### [Supplied data]
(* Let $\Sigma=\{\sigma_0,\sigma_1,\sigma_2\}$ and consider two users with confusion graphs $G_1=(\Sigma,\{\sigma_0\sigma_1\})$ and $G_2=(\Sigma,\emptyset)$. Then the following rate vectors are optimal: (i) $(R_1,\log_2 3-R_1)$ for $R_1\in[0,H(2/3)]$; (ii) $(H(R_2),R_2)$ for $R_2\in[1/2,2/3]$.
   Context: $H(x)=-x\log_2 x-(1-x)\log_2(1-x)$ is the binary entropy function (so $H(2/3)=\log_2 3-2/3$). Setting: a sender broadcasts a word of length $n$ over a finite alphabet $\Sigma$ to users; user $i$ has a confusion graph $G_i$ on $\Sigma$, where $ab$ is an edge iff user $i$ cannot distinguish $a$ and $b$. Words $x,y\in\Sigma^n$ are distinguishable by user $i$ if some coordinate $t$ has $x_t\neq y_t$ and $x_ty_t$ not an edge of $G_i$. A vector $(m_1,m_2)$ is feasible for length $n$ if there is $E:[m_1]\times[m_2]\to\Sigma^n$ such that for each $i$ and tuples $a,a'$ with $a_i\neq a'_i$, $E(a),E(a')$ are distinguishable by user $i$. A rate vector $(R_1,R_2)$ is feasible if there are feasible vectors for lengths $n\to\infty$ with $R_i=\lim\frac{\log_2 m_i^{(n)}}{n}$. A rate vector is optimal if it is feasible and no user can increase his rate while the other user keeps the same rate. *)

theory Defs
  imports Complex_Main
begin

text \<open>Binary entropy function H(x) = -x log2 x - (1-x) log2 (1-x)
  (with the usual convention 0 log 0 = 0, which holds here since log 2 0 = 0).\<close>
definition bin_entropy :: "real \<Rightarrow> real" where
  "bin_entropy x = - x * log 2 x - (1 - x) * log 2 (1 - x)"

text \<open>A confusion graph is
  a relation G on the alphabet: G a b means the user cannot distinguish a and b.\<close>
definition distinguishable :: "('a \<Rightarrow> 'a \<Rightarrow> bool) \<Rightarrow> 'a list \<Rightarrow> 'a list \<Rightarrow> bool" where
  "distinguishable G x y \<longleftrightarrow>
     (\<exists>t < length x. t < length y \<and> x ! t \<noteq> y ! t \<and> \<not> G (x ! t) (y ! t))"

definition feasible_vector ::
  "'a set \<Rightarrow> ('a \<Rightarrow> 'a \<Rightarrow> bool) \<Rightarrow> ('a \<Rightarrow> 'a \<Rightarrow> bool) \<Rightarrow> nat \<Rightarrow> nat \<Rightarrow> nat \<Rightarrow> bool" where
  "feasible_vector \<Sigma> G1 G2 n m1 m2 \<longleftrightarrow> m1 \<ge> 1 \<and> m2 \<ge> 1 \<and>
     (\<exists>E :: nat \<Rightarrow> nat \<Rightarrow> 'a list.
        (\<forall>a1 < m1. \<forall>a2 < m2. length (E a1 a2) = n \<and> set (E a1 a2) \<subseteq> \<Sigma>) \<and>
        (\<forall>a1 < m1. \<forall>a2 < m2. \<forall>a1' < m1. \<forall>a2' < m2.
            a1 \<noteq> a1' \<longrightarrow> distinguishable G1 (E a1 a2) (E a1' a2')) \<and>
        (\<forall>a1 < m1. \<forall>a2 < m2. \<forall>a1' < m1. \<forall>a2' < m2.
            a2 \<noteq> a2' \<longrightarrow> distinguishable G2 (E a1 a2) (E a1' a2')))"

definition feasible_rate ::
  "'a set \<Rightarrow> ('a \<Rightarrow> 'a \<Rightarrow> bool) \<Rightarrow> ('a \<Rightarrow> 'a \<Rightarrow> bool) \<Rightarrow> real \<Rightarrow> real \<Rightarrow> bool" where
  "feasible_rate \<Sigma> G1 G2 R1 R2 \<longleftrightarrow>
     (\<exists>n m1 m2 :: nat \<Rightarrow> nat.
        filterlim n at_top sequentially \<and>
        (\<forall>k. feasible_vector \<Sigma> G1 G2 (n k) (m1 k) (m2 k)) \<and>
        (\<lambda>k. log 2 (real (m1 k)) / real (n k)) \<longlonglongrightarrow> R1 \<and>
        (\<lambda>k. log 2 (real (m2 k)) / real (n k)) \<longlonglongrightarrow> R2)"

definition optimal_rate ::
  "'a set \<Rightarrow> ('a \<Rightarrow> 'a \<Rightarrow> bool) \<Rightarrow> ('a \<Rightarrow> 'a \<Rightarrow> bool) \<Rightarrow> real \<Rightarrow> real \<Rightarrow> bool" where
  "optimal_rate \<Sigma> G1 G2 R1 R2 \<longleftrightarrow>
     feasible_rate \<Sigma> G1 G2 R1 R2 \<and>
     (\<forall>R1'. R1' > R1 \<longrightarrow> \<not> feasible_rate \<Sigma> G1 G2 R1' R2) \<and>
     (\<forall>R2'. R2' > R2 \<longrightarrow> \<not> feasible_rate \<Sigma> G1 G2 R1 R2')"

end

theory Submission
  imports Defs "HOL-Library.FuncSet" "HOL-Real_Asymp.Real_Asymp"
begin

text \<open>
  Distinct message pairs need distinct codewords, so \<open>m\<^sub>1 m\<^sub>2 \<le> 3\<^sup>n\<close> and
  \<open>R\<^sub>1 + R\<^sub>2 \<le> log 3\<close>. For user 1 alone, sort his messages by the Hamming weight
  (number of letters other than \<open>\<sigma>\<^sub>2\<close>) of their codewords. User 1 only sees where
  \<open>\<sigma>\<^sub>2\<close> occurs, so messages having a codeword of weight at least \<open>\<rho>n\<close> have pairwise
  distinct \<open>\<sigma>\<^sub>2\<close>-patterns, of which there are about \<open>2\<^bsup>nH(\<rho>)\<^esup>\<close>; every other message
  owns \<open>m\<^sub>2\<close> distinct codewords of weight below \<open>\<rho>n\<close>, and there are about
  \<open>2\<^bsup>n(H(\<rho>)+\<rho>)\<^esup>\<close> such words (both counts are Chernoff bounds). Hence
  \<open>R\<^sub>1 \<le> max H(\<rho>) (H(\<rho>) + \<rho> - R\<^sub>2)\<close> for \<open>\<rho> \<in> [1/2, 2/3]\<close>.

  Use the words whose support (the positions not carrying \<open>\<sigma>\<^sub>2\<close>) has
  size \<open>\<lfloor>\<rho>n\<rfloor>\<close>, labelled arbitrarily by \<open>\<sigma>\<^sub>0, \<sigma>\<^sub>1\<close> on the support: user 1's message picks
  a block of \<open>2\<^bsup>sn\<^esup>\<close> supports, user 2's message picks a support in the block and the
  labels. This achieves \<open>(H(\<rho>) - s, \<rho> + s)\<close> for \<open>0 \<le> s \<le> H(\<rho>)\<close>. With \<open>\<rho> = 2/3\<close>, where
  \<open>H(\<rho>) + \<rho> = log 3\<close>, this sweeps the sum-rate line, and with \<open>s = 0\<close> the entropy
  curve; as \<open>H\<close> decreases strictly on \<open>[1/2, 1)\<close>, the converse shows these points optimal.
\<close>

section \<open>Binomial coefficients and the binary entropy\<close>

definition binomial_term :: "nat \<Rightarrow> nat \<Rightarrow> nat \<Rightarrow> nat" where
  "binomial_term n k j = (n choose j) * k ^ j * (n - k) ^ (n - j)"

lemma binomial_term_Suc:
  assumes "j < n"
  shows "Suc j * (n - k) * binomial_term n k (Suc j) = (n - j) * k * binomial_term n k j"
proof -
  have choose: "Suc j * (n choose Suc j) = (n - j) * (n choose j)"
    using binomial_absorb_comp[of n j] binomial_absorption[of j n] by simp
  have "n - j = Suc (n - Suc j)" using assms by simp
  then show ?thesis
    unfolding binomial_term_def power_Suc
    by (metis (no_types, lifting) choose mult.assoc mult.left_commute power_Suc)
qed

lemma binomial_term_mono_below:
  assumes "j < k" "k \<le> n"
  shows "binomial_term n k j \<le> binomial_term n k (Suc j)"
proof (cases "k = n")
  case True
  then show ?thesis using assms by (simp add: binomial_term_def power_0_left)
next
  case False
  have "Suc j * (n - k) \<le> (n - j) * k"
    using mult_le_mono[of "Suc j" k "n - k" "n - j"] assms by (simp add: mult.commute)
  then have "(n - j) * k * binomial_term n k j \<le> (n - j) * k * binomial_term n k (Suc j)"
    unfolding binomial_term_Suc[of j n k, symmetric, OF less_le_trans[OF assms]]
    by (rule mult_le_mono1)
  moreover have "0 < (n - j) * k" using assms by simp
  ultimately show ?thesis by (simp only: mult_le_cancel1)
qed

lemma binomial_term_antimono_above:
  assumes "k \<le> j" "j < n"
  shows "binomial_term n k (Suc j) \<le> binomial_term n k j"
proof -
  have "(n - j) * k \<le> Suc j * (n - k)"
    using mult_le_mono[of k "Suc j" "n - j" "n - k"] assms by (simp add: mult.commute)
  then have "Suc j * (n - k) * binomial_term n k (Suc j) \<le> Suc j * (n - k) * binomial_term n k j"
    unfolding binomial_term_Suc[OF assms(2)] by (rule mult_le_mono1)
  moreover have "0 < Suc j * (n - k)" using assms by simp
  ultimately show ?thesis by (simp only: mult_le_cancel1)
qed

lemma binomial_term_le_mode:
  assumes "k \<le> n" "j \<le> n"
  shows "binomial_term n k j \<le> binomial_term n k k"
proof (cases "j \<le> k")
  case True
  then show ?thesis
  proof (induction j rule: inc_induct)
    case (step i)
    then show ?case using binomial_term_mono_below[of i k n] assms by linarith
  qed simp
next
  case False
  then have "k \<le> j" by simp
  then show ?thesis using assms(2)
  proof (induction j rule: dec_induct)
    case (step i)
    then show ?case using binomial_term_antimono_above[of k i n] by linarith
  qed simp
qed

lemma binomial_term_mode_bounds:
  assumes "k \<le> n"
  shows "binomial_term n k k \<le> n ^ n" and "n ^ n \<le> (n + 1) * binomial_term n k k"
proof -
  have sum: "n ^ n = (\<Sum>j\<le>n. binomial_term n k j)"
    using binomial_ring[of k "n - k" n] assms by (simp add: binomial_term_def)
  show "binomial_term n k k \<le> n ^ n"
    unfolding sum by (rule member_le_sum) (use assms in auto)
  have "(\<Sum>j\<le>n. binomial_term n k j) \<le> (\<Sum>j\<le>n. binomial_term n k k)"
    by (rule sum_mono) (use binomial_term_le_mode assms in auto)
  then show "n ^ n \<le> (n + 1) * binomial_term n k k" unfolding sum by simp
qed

### [Activity]
Quote exactly what appears from the line containing "unfolding sum by (rule" through the final line of the listing above, including both of those lines.

### [Written response]
    unfolding sum by (rule member_le_sum) (use assms in auto)
  have "(\<Sum>j\<le>n. binomial_term n k j) \<le> (\<Sum>j\<le>n. binomial_term n k k)"
    by (rule sum_mono) (use binomial_term_le_mode assms in auto)
  then show "n ^ n \<le> (n + 1) * binomial_term n k k" unfolding sum by simp
qed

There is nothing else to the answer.